The BlackBerry phone makers have not seen profits in years. The company may stop making their smartphones in order to curb further loses.

This week, CEO John Chen said that he is determined to reverse the company's current misery. All one has to do is look at the profits and observe the types of BB phones that have been selling in order to understand the necessity.

"If I cannot make money on handsets, I will not be in the handset business," Chen said according to The Wall Street Journal.

Chen later denied that the company has any plans of exiting the handset business. He claimed that his comments were taken out of context.

BlackBerry's technology is sometimes considered "ancient" because it is still using a BB7 operating system. The BB7 still manages to outsell the BB10. In the third quarter of 2013, one million BB10 devices were sold, but consumers bought five million of BlackBerry's new Bolds and Curves, the Metro Weekly reports. In that same year, BlackBerry's cash reserves fell from $3.2 billion to $2.7 billion since the third quarter, although it sold just 1.3 million smartphones over that quarter. Nokia, which runs on third-place OS Windows Phone, sold 8.2 million Lumia smartphones in the last three months of 2013.

What is also affecting BlackBerry's profits are its recently broken ties with T-Mobile. This angered the company so much that they encouraged customers to trade in BlackBerry handsets for a newer device. BlackBerry cannot afford to have any less retail avenues for its devices.

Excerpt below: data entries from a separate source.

lemma s_norm_le_op_norm:
  assumes x: "x \<in> SS" and \<xi>: "\<xi> \<in> dual_ball n"
  shows "s_norm n (x \<xi>) \<le> op_norm n x"
proof -
  obtain C where C: "\<And>\<xi>. sd_fin n \<xi> \<Longrightarrow> s_norm n (x \<xi>) \<le> C * sd_norm n \<xi>"
    using SS_bounded[OF x] by blast
  have "s_norm n (x \<zeta>) \<le> \<bar>C\<bar>" if "\<zeta> \<in> dual_ball n" for \<zeta>
  proof -
    have \<zeta>: "sd_fin n \<zeta>" "sd_norm n \<zeta> \<le> 1" using that by (simp_all add: dual_ball_def)
    have "C * sd_norm n \<zeta> \<le> \<bar>C\<bar> * 1"
      using \<zeta> sd_norm_nonneg[OF \<zeta>(1)] by (intro mult_mono) auto
    then show ?thesis using C[OF \<zeta>(1)] by simp
  qed
  then show ?thesis
    unfolding op_norm_dual_ball by (intro cSup_upper imageI \<xi> bdd_aboveI2)
qed

lemma op_norm_nonneg: "x \<in> SS \<Longrightarrow> 0 \<le> op_norm n x"
  using s_norm_le_op_norm[OF _ zero_in_dual_ball] by (simp add: SS_zero)

lemma op_norm_least: "(\<And>\<xi>. \<xi> \<in> dual_ball n \<Longrightarrow> s_norm n (x \<xi>) \<le> C) \<Longrightarrow> op_norm n x \<le> C"
  unfolding op_norm_dual_ball by (rule cSup_least) (use zero_in_dual_ball in blast, auto)

lemma s_norm_apply_le:
  assumes x: "x \<in> SS" and \<zeta>: "sd_fin n \<zeta>"
  shows "s_norm n (x \<zeta>) \<le> op_norm n x * sd_norm n \<zeta>"
  by (rule le_sd_norm_if_le_on_dual_ball[OF s_norm_SS_scale[OF x] s_norm_le_op_norm[OF x] \<zeta>])
lemma lower_quantile_is_min:
  fixes P :: "'s::finite \<Rightarrow> 'a::finite \<Rightarrow> 's pmf"
  assumes antisym: "\<And>x y. x \<in> wealth_levels op w0 r s0 T \<Longrightarrow> y \<in> wealth_levels op w0 r s0 T
                    \<Longrightarrow> le x y \<Longrightarrow> le y x \<Longrightarrow> x = y"
    and trans: "\<And>x y z. x \<in> wealth_levels op w0 r s0 T \<Longrightarrow> y \<in> wealth_levels op w0 r s0 T
                    \<Longrightarrow> z \<in> wealth_levels op w0 r s0 T \<Longrightarrow> le x y \<Longrightarrow> le y z \<Longrightarrow> le x z"
    and total: "\<And>x y. x \<in> wealth_levels op w0 r s0 T \<Longrightarrow> y \<in> wealth_levels op w0 r s0 T
                    \<Longrightarrow> le x y \<or> le y x"
    and "tau \<le> 1"
  shows "is_min_wrt le {w \<in> wealth_levels op w0 r s0 T. tau \<le> wealth_cdf le P op w0 r s0 T pol w}
           (lower_quantile le P op w0 r s0 T tau pol)"
proof -
  let ?A = "{w \<in> wealth_levels op w0 r s0 T. tau \<le> wealth_cdf le P op w0 r s0 T pol w}"
  have "\<exists>top. is_max_wrt le (wealth_levels op w0 r s0 T) top"
    by (rule wealth_levels_has_greatest) (fact trans total)+
  then obtain top where top: "is_max_wrt le (wealth_levels op w0 r s0 T) top"
    by blast
  then have "top \<in> ?A"
    using wealth_cdf_eq_1[OF top] \<open>tau \<le> 1\<close> by (simp add: is_max_wrt_def)
  then have "\<exists>m. is_min_wrt le ?A m"
    by (intro finite_total_has_least[OF finite_wealth_levels]) (auto intro: trans dest: total)
  then obtain m where m: "is_min_wrt le ?A m"
    by blast
  have "(THE q. is_min_wrt le ?A q) = m"
    by (rule the_is_min_wrt[OF _ m]) (use antisym in auto)
  with m show ?thesis
    unfolding lower_quantile_def by simp
qed

theorem lemma1:
  fixes P :: "'s::finite \<Rightarrow> 'a::finite \<Rightarrow> 's pmf"
    and r :: "'s \<Rightarrow> 'a \<Rightarrow> 'r"
    and op :: "'w \<Rightarrow> 'r \<Rightarrow> 'w"
    and w0 :: 'w and s0 :: 's and T :: nat
    and le :: "'w \<Rightarrow> 'w \<Rightarrow> bool"
    and tau :: real
  assumes refl: "\<And>x. x \<in> wealth_levels op w0 r s0 T \<Longrightarrow> le x x"
    and antisym: "\<And>x y. x \<in> wealth_levels op w0 r s0 T \<Longrightarrow> y \<in> wealth_levels op w0 r s0 T
                    \<Longrightarrow> le x y \<Longrightarrow> le y x \<Longrightarrow> x = y"
    and trans: "\<And>x y z. x \<in> wealth_levels op w0 r s0 T \<Longrightarrow> y \<in> wealth_levels op w0 r s0 T
                    \<Longrightarrow> z \<in> wealth_levels op w0 r s0 T \<Longrightarrow> le x y \<Longrightarrow> le y z \<Longrightarrow> le x z"
    and total: "\<And>x y. x \<in> wealth_levels op w0 r s0 T \<Longrightarrow> y \<in> wealth_levels op w0 r s0 T
                    \<Longrightarrow> le x y \<or> le y x"
    and tau: "0 < tau" "tau \<le> 1"
  shows "(\<forall>w. \<exists>pol. wealth_cdf le P op w0 r s0 T pol w
                    = (INF pol'. wealth_cdf le P op w0 r s0 T pol' w))
       \<and> (\<exists>qstar.
            is_min_wrt le {w \<in> wealth_levels op w0 r s0 T.
                tau \<le> (INF pol. wealth_cdf le P op w0 r s0 T pol w)} qstar
          \<and> is_max_wrt le (range (lower_quantile le P op w0 r s0 T tau)) qstar)"
proof -
  let ?W = "wealth_levels op w0 r s0 T"
  let ?F = "wealth_cdf le P op w0 r s0 T"
  have attained: "\<exists>pol. \<forall>pol'. ?F pol w \<le> ?F pol' w" for w
    unfolding wealth_cdf_eq_event_prob by (rule event_prob_minimizer_exists)
  have "\<exists>top. is_max_wrt le ?W top"
    by (rule wealth_levels_has_greatest) (fact trans total)+
  then obtain top where top: "is_max_wrt le ?W top"
    by blast
  then have "top \<in> {w \<in> ?W. tau \<le> (INF pol. ?F pol w)}"
    using wealth_cdf_eq_1[OF top] tau by (simp add: is_max_wrt_def)
  then have "\<exists>q. is_min_wrt le {w \<in> ?W. tau \<le> (INF pol. ?F pol w)} q"
    by (intro finite_total_has_least[OF finite_wealth_levels]) (auto intro: trans dest: total)
  then obtain qstar where qstar: "is_min_wrt le {w \<in> ?W. tau \<le> (INF pol. ?F pol w)} qstar"
    by blast
  have "is_max_wrt le (range (lower_quantile le P op w0 r s0 T tau)) qstar"
  proof (rule max_lower_quantile_eq_quantile_of_min_cdf[where le = le, OF finite_wealth_levels])
    show "?F pol x \<le> ?F pol y" if "x \<in> ?W" "y \<in> ?W" "le x y" for pol x y
      using wealth_cdf_mono[where le = le, OF trans that] .
    show "is_min_wrt le {w \<in> ?W. tau \<le> ?F pol w} (lower_quantile le P op w0 r s0 T tau pol)" for pol
      using lower_quantile_is_min[where le = le, OF antisym trans total tau(2)] .
  qed (fact antisym trans total attained qstar)+
  moreover have "\<exists>pol. ?F pol w = (INF pol'. ?F pol' w)" for w
  proof -
    obtain pol where "\<forall>pol'. ?F pol w \<le> ?F pol' w"
      using attained by blast
    then show ?thesis
      using INF_eq_attained_minimum[of "\<lambda>pol. ?F pol w" pol] by auto
  qed
  ultimately show ?thesis
    using qstar by auto
qed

Windows, Apple, and Samsung are just some of the companies that consumers are gravitating toward rather than BlackBerry's now fancy keyboard phones. Chen intends to have BlackBerry slowly come off its dependency on device sales, which the company thinks makes it profitable.

"I don't have a plan to get rid of handsets, I have a plan to not be dependent on handsets," Chen said, while speaking to reporters at Bloomberg's headquarters. "All I need to do is replace the handset revenue, and this company will be very different."

"[Chen intends to focus the company's] QNX operating system and its BBM instant-messaging service," The Metro Weekly reports. "BlackBerry purchased QNX in 2010 and, after a failed attempt to use it on tablet devices with the BlackBerry Playbook, it found a lucrative revenue stream licensing it out to car manufacturers and industrial settings for use on computers and devices."

Chen believes that device interaction is the future for devices like his.

In December, Chen made a deal with Foxconn, the world's largest market of electronic parts and an Apple supplier that made headlines for labor violations in China, to develop and manufacture certain BlackBerry devices, NBC News reported.